Они вернулись на Тарзус-стрит около десяти. Там, в комнатке в подвале, она не могла больше ждать. Сента жаждала его и его любви, над верхней губой и на лбу у нее блестел пот, на белой мраморной коже появился лихорадочный румянец. И в постели она была ласковее и щедрее, чем когда-либо, уступала, вместо того чтобы подавлять, отдавала, а не отбирала. Все движения, казалось, она делала для его наслаждения, ее руки, губы и язык служили ему, она задерживала и оттягивала свой финал до тех пор, пока экстаз не наступит у него. Волна радости, сначала тихая, скручиваемая в крошечные барашки, потом все нараставшая и, наконец, с грохотом обрушившаяся, как огромная башня, хлынула на Филиппа и накрыла всю комнату, заставив зеркало содрогнуться, а пол — задвигаться. Он застонал от блаженства, стон перешел в крик ликования, когда она овладела им, прижала, вызвав мгновенное волнообразное движение — и получила от него свою собственную победу.

Филипп лежал и думал: в следующий раз я подарю ей то, что подарила мне она, она будет первой, от полноты счастья я сделаю для нее то, что она сделала для меня. Он не мог тогда знать, что через секунду или две ничтожный проступок, неправильно подобранное слово уничтожит такую возможность.

Ее волосы разметались по подушке, касались его лица серебристыми кончиками. Они сверкали, как длинные, хрупкие полоски стекла. Румянец на ее щеках потускнел, и лицо снова стало белым, чистым, без морщин, а кожа — мягкой, как внутренняя сторона гладкого лепестка цвета слоновой кости. В ее широко раскрытых глазах как будто были капсулки с зеленой жидкостью, окрашивающие их, как водоросли воду. Он проводил пальцами по ее длинным локонам, чувствуя острую, естественную жесткость каждого волоска.

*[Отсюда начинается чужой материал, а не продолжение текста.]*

lemma normals_consistent:
  assumes k: "1 \<le> k"
  defines "d \<equiv> p k - p (k - 1)" and "e \<equiv> p (Suc k) - p k"
  shows "0 < e \<bullet> u k \<Longrightarrow> d \<bullet> u (Suc k) < 0"
    and "e \<bullet> u k < 0 \<Longrightarrow> 0 < d \<bullet> u (Suc k)"
    and "e \<bullet> u k = 0 \<longleftrightarrow> d \<bullet> u (Suc k) = 0"
    and "- 1 < u k \<bullet> u (Suc k)"
proof -
  define a c where "a = u k" and "c = u (Suc k)"
  have a: "norm a = 1" "a \<bullet> d = 0" and c: "norm c = 1" "c \<bullet> e = 0"
    using k norm_u u_orthogonal[of k] u_orthogonal[of "Suc k"]
    by (simp_all add: a_def c_def d_def e_def)
  note not_opposite = vertex_normals_not_opposite[OF k, folded d_def e_def a_def c_def]
  have "a \<noteq> 0" "c \<noteq> 0" "d \<noteq> 0" "e \<noteq> 0"
    using a c k vertex_pred_neq[of k] vertex_pred_neq[of "Suc k"] by (auto simp: d_def e_def)
  then have perp: "e \<bullet> a = 0 \<longleftrightarrow> d \<bullet> c = 0"
    using orthogonal_transfer_2[of a e d c] orthogonal_transfer_2[of c d e a] a c
    by (auto simp: inner_commute)
  then show "e \<bullet> u k = 0 \<longleftrightarrow> d \<bullet> u (Suc k) = 0"
    by (simp add: a_def c_def)
  show "0 < e \<bullet> u k \<Longrightarrow> d \<bullet> u (Suc k) < 0"
    using not_opposite[of a "- c"] perp by (force simp: a_def c_def)
  show "e \<bullet> u k < 0 \<Longrightarrow> 0 < d \<bullet> u (Suc k)"
    using not_opposite[of "- a" c] perp by (force simp: a_def c_def)
  show "- 1 < u k \<bullet> u (Suc k)"
  proof (rule ccontr)
    assume "\<not> - 1 < u k \<bullet> u (Suc k)"
    then have "a \<bullet> c = - 1"
      using Cauchy_Schwarz_ineq2[of a c] a c by (auto simp: a_def c_def)
    have "(a + c) \<bullet> (a + c) = a \<bullet> a + 2 * (a \<bullet> c) + c \<bullet> c"
      by (simp add: inner_add_left inner_add_right inner_commute[of c a])
    also have "\<dots> = 0"
      using \<open>a \<bullet> c = - 1\<close> a(1) c(1) by (simp add: dot_square_norm)
    finally have "c = - a"
      by (simp add: add_eq_0_iff2)
    then show False
      using not_opposite[of a a] a c by (simp add: inner_commute dot_square_norm)
  qed
qed

lemma bisector_inner_pos:
  assumes "1 \<le> k"
  shows "0 < (u k + u (Suc k)) \<bullet> u k" "0 < (u k + u (Suc k)) \<bullet> u (Suc k)"
  using normals_consistent(4)[OF assms] norm_u[OF assms] norm_u[of "Suc k"]
  by (simp_all add: inner_add_left inner_commute[of "u (Suc k)"] dot_square_norm)

lemma eventually_segment_to_vertex_avoids_next_edge:
  assumes k: "1 \<le> k" and b: "b \<in> rel_interior (edge k)" and v: "0 < v \<bullet> u k"
  shows "\<forall>\<^sub>F \<epsilon> in at 0.
    closed_segment (b + \<epsilon> *\<^sub>R v) (p k + \<epsilon> *\<^sub>R (u k + u (Suc k))) \<inter> edge (Suc k) = {}"
proof -
  obtain t where "0 < t" "t < 1" "b = (1 - t) *\<^sub>R p (k - 1) + t *\<^sub>R p k"
    using b unfolding rel_interior_edge[OF k] in_segment(2) by blast
  then have t: "0 < 1 - t" "b - p k = - ((1 - t) *\<^sub>R (p k - p (k - 1)))"
    by (simp_all add: algebra_simps)
  have "\<forall>\<^sub>F \<epsilon> in at 0. closed_segment (p k + (b - p k) + \<epsilon> *\<^sub>R v) (p k + \<epsilon> *\<^sub>R (u k + u (Suc k))) \<inter>
      {p k + l *\<^sub>R (p (Suc k) - p k) | l. 0 \<le> l} = {}"
  proof (rule shifted_segment_avoids_ray)
    show "(b - p k) \<bullet> u k = 0"
      using u_orthogonal[OF k] t(2) by (simp add: inner_commute)
    show "(p (Suc k) - p k) \<bullet> u (Suc k) = 0"
      using u_orthogonal[of "Suc k"] by (simp add: inner_commute)
    show "0 < (b - p k) \<bullet> u (Suc k)" if "0 < (p (Suc k) - p k) \<bullet> u k"
      using normals_consistent(1)[OF k] that t by (simp add: inner_commute mult_pos_neg)
    show "(b - p k) \<bullet> u (Suc k) < 0" if "(p (Suc k) - p k) \<bullet> u k < 0"
      using normals_consistent(2)[OF k] that t by (simp add: inner_commute)
  qed (use v bisector_inner_pos[OF k] in auto)
  then show ?thesis
    using edge_subset_ray_forward[of k] by (auto elim!: eventually_mono)
qed

lemma eventually_segment_to_vertex_disjoint:
  assumes k: "1 \<le> k" and b: "b \<in> rel_interior (edge k)" and v: "0 < v \<bullet> u k"
  shows "\<forall>\<^sub>F \<epsilon> in at 0. closed_segment (b + \<epsilon> *\<^sub>R v) (p k + \<epsilon> *\<^sub>R (u k + u (Suc k))) \<inter> P = {}"
proof (rule eventually_shifted_segment_disjoint[of "{k, Suc k}"])
  have bk: "b \<in> edge k"
    using b rel_interior_subset by blast
  show "closed_segment b (p k) \<inter> edge j = {}"
    if j: "1 \<le> j" "j mod n \<notin> (\<lambda>i. i mod n) ` {k, Suc k}" for j
  proof -
    have "closed_segment b (p k) \<subseteq> edge k"
      using bk by (simp add: polygon_edge_def closed_segment_subset)
    then have "closed_segment b (p k) \<inter> edge j \<subseteq> {p (k - 1), p k}"
      using edges_inter[OF k j(1)] j(2) by auto
    moreover have "p (k - 1) \<notin> closed_segment b (p k)"
      using dist_in_open_segment[of b "p (k - 1)" "p k"] dist_in_closed_segment[of "p (k - 1)" b "p k"] b
      by (auto simp: rel_interior_edge[OF k])
    moreover have "p k \<notin> edge j"
      using vertex_notin_edge j by auto
    ultimately show ?thesis
      by blast
  qed
  have "\<forall>\<^sub>F \<epsilon> in at 0. closed_segment (b + \<epsilon> *\<^sub>R v) (p k + \<epsilon> *\<^sub>R (u k + u (Suc k))) \<inter>
      {y. (y - p k) \<bullet> u k = 0} = {}"
    using bk edge_subset_line[OF k] v bisector_inner_pos[OF k]
    by (intro shifted_segment_off_line) auto
  then have "\<forall>\<^sub>F \<epsilon> in at 0. closed_segment (b + \<epsilon> *\<^sub>R v) (p k + \<epsilon> *\<^sub>R (u k + u (Suc k))) \<inter> edge k = {}"
    using edge_subset_line[OF k] by (auto elim!: eventually_mono)
  then show "\<forall>\<^sub>F \<epsilon> in at 0. closed_segment (b + \<epsilon> *\<^sub>R v) (p k + \<epsilon> *\<^sub>R (u k + u (Suc k))) \<inter> edge i = {}"
    if "i \<in> {k, Suc k}" for i
    using that eventually_segment_to_vertex_avoids_next_edge[OF assms] by auto
qed (use k in auto)

lemma eventually_normal_segment_disjoint:
  assumes k: "1 \<le> k" and b: "b \<in> rel_interior (edge k)" and v: "0 < v \<bullet> u k"
  shows "\<forall>\<^sub>F \<epsilon> in at 0. closed_segment (b + \<epsilon> *\<^sub>R u k) (b + \<epsilon> *\<^sub>R v) \<inter> P = {}"
proof (rule eventually_shifted_segment_disjoint[of "{k}"])
  have bk: "b \<in> edge k"
    using b rel_interior_subset by blast
  show "closed_segment b b \<inter> edge j = {}"
    if j: "1 \<le> j" "j mod n \<notin> (\<lambda>i. i mod n) ` {k}" for j
  proof -
    have "b \<notin> {p (k - 1), p k}"
      using b by (auto simp: rel_interior_edge[OF k] open_segment_def)
    then show ?thesis
      using edges_inter[OF k j(1)] j(2) bk by auto
  qed
  have "\<forall>\<^sub>F \<epsilon> in at 0. closed_segment (b + \<epsilon> *\<^sub>R u k) (b + \<epsilon> *\<^sub>R v) \<inter> {y. (y - p k) \<bullet> u k = 0} = {}"
    using bk edge_subset_line[OF k] v norm_u[OF k]
    by (intro shifted_segment_off_line) (auto simp: dot_square_norm)
  then show "\<forall>\<^sub>F \<epsilon> in at 0. closed_segment (b + \<epsilon> *\<^sub>R u k) (b + \<epsilon> *\<^sub>R v) \<inter> edge i = {}"
    if "i \<in> {k}" for i
    using that edge_subset_line[OF k] by (auto elim!: eventually_mono)
qed (use k in auto)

Он повернул лампу и наклонил абажур так, чтобы свет падал на их лица, на их полные страсти глаза. Свет теперь лился на голову Сенты. Филипп стал всматриваться внимательнее, поднял одну из ее серебряных блестящих прядей и воскликнул, не подумав, не сделав даже маленькой паузы:

— Твои волосы рыжие у корней!

— Конечно, рыжие. Я же говорила тебе, что обесцветила их. Точнее, мне их обесцветили, — голос Сенты не был сердитым, только чуть раздраженным. — Надо снова этим заняться. Нужно было это сделать еще на прошлой неделе.

— Тебе действительно их обесцветили? И покрасили в серебристый?

— Я ведь говорила, Филипп. Ты что, не помнишь?

Он усмехнулся, спокойный, беспечный, довольный. Он рассмеялся, качая головой:

— А я не поверил тебе тогда, если честно, ни одному слову не поверил.

Все произошло очень стремительно.

Сента вскочила, встала на четвереньки, как зверь: губы сжаты, волосы свисают. Не хватало только выгнутого кошачьего хвоста. Ее глаза округлились, заблестели, из-за стиснутых зубов прорывалось шипение.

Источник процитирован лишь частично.